Start of Block

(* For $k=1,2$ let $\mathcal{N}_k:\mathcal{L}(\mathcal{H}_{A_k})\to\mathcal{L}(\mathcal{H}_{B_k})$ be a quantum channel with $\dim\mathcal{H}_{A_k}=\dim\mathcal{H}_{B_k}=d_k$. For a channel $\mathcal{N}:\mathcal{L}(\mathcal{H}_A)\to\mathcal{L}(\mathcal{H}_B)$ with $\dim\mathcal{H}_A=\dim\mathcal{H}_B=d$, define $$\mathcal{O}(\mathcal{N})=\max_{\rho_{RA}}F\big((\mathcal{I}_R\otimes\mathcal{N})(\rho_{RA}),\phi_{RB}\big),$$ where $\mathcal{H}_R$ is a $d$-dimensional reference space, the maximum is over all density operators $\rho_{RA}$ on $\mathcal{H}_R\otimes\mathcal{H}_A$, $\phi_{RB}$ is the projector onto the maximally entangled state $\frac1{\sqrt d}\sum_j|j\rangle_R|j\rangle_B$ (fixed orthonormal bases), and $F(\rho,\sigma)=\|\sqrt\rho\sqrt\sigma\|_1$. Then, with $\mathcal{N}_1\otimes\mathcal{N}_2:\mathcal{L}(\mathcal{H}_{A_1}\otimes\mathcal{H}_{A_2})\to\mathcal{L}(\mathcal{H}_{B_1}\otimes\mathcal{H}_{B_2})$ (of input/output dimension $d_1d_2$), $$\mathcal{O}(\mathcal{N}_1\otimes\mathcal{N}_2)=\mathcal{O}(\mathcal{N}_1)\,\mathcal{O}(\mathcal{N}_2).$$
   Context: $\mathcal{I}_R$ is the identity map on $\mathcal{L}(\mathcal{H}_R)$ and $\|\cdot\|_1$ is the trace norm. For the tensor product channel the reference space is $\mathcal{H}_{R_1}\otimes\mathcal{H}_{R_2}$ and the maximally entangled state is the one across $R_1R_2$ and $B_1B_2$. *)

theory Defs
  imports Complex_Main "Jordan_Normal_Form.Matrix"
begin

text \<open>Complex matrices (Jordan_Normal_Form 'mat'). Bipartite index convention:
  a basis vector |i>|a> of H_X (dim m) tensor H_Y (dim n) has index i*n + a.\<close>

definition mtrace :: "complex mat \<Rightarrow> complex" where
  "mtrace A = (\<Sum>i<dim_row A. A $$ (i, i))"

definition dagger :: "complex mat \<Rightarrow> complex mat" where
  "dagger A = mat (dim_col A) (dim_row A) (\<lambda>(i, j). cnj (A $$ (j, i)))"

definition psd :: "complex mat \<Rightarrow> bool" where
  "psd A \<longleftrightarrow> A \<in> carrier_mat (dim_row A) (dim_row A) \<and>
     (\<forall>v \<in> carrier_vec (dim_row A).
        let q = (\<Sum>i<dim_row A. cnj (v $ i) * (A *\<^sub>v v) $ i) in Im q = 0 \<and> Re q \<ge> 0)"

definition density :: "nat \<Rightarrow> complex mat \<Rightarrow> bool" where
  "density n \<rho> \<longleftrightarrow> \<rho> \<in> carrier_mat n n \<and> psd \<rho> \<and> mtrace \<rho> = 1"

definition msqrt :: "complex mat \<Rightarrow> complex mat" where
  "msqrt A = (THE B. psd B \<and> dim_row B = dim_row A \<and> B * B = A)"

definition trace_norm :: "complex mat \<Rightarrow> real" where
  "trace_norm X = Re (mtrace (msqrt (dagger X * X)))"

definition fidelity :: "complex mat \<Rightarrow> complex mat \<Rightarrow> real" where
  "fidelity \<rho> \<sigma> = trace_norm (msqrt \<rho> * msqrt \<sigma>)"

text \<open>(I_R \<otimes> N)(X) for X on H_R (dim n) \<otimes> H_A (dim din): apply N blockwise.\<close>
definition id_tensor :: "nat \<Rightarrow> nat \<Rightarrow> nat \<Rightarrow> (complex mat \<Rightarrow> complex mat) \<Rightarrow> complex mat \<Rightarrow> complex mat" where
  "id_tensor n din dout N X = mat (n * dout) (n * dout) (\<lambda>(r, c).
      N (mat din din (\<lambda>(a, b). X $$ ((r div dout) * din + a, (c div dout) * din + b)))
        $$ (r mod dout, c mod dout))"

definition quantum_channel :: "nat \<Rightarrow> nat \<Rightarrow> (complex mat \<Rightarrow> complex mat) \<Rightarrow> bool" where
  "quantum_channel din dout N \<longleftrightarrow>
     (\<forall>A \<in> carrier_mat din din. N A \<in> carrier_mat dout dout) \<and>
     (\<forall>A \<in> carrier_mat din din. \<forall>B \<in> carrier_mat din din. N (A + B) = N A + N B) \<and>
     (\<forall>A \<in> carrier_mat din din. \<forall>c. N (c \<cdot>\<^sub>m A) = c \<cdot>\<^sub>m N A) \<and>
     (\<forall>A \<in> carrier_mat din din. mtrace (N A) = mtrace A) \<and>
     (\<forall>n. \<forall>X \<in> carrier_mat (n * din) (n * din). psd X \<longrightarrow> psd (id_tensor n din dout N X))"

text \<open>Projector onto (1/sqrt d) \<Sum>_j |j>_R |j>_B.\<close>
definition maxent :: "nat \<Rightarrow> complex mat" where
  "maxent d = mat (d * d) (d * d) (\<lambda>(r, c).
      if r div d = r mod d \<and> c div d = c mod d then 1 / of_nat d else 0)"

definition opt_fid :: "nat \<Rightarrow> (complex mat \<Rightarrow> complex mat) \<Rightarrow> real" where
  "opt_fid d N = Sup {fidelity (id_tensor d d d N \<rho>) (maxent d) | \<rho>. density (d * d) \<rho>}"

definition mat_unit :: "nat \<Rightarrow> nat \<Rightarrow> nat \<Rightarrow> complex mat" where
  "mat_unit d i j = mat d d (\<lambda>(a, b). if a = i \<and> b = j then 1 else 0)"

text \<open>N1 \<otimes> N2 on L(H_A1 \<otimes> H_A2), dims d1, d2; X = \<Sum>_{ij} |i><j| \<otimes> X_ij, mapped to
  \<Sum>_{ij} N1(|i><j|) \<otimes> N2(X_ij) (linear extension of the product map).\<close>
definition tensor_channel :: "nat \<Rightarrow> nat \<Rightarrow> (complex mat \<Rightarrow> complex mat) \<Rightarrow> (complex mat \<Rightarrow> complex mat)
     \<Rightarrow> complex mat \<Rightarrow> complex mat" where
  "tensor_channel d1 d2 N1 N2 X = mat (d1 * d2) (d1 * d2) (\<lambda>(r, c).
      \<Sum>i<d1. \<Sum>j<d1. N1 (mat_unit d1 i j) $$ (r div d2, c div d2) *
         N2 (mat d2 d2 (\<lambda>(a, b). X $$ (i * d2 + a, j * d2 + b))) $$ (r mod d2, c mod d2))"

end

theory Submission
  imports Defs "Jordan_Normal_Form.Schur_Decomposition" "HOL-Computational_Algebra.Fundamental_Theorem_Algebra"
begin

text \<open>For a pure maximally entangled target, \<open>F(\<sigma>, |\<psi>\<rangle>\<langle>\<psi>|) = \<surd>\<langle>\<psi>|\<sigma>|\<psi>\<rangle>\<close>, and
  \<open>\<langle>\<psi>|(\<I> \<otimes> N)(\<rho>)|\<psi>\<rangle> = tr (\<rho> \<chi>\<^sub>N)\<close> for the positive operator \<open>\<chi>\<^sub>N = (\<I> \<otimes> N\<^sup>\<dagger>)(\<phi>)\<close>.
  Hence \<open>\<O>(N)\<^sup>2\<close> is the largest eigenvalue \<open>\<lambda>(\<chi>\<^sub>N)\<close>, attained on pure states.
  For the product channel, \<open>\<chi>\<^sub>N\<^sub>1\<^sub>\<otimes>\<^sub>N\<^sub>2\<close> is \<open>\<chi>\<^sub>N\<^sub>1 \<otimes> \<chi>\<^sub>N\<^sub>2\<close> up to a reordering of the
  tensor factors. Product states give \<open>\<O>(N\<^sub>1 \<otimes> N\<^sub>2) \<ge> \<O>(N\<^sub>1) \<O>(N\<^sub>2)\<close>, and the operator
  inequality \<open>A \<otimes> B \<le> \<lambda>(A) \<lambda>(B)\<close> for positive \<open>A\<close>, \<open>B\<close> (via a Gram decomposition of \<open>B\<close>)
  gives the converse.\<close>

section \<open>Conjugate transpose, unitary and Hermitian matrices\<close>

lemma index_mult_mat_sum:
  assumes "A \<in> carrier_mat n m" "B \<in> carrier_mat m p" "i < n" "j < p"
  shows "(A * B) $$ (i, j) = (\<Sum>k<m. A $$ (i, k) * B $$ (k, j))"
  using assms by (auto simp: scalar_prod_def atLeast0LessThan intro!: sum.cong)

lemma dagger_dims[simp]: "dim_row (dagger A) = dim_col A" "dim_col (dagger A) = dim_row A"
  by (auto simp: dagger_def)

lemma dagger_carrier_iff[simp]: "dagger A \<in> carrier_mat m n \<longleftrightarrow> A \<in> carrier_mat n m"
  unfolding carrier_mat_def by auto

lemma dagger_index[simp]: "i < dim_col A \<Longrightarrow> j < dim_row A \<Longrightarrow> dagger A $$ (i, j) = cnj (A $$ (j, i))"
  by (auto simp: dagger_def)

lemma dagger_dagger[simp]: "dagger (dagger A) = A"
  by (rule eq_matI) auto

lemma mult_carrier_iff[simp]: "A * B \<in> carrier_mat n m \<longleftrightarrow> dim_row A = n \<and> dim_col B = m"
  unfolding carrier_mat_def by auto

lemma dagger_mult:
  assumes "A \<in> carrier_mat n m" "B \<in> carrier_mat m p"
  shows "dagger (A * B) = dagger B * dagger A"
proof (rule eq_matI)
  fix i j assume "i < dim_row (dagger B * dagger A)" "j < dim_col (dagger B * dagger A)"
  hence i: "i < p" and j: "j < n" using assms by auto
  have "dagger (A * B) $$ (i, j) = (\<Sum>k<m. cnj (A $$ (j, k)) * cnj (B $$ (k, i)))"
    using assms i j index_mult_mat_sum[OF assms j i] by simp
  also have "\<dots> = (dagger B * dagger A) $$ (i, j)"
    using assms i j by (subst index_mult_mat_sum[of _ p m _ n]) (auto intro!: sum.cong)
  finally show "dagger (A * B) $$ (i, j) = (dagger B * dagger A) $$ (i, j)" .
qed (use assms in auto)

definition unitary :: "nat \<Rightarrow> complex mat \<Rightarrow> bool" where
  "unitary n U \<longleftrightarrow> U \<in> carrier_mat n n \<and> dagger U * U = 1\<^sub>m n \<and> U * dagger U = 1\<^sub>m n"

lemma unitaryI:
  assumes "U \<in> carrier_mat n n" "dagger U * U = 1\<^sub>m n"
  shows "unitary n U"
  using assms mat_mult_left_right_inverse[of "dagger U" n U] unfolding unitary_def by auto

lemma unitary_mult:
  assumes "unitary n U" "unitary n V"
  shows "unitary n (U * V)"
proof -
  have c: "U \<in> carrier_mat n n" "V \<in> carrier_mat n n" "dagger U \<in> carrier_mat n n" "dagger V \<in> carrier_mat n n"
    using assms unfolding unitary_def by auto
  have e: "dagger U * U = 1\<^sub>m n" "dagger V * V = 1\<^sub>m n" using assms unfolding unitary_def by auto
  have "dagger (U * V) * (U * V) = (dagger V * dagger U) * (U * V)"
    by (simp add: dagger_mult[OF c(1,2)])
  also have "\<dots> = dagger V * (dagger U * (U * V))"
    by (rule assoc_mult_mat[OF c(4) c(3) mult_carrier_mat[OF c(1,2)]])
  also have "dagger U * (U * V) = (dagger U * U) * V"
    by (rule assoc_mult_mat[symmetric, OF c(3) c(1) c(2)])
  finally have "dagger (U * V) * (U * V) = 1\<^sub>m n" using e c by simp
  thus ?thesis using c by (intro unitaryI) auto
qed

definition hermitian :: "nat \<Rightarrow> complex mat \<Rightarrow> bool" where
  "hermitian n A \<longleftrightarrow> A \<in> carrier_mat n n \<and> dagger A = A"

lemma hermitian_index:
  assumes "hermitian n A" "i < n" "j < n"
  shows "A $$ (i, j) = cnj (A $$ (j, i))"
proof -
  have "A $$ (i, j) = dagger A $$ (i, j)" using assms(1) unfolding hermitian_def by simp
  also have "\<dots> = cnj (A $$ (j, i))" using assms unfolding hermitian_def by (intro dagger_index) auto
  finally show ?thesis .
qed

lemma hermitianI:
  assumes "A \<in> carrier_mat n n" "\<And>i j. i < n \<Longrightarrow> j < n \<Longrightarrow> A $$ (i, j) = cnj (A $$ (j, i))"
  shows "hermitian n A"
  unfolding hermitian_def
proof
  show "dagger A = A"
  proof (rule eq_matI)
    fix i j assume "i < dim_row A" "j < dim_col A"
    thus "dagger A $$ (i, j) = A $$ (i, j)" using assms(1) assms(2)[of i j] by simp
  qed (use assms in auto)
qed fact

End of Block

### TASK DESCRIPTION
Reproduce exactly the section above that begins at the line containing "N (mat din din" and ends at the line containing "(\<forall>A \<in> carrier_mat din din. mtrace", leaving out all other lines.

### ANSWER BELOW
      N (mat din din (\<lambda>(a, b). X $$ ((r div dout) * din + a, (c div dout) * din + b)))
        $$ (r mod dout, c mod dout))"

definition quantum_channel :: "nat \<Rightarrow> nat \<Rightarrow> (complex mat \<Rightarrow> complex mat) \<Rightarrow> bool" where
  "quantum_channel din dout N \<longleftrightarrow>
     (\<forall>A \<in> carrier_mat din din. N A \<in> carrier_mat dout dout) \<and>
     (\<forall>A \<in> carrier_mat din din. \<forall>B \<in> carrier_mat din din. N (A + B) = N A + N B) \<and>
     (\<forall>A \<in> carrier_mat din din. \<forall>c. N (c \<cdot>\<^sub>m A) = c \<cdot>\<^sub>m N A) \<and>
     (\<forall>A \<in> carrier_mat din din. mtrace (N A) = mtrace A) \<and>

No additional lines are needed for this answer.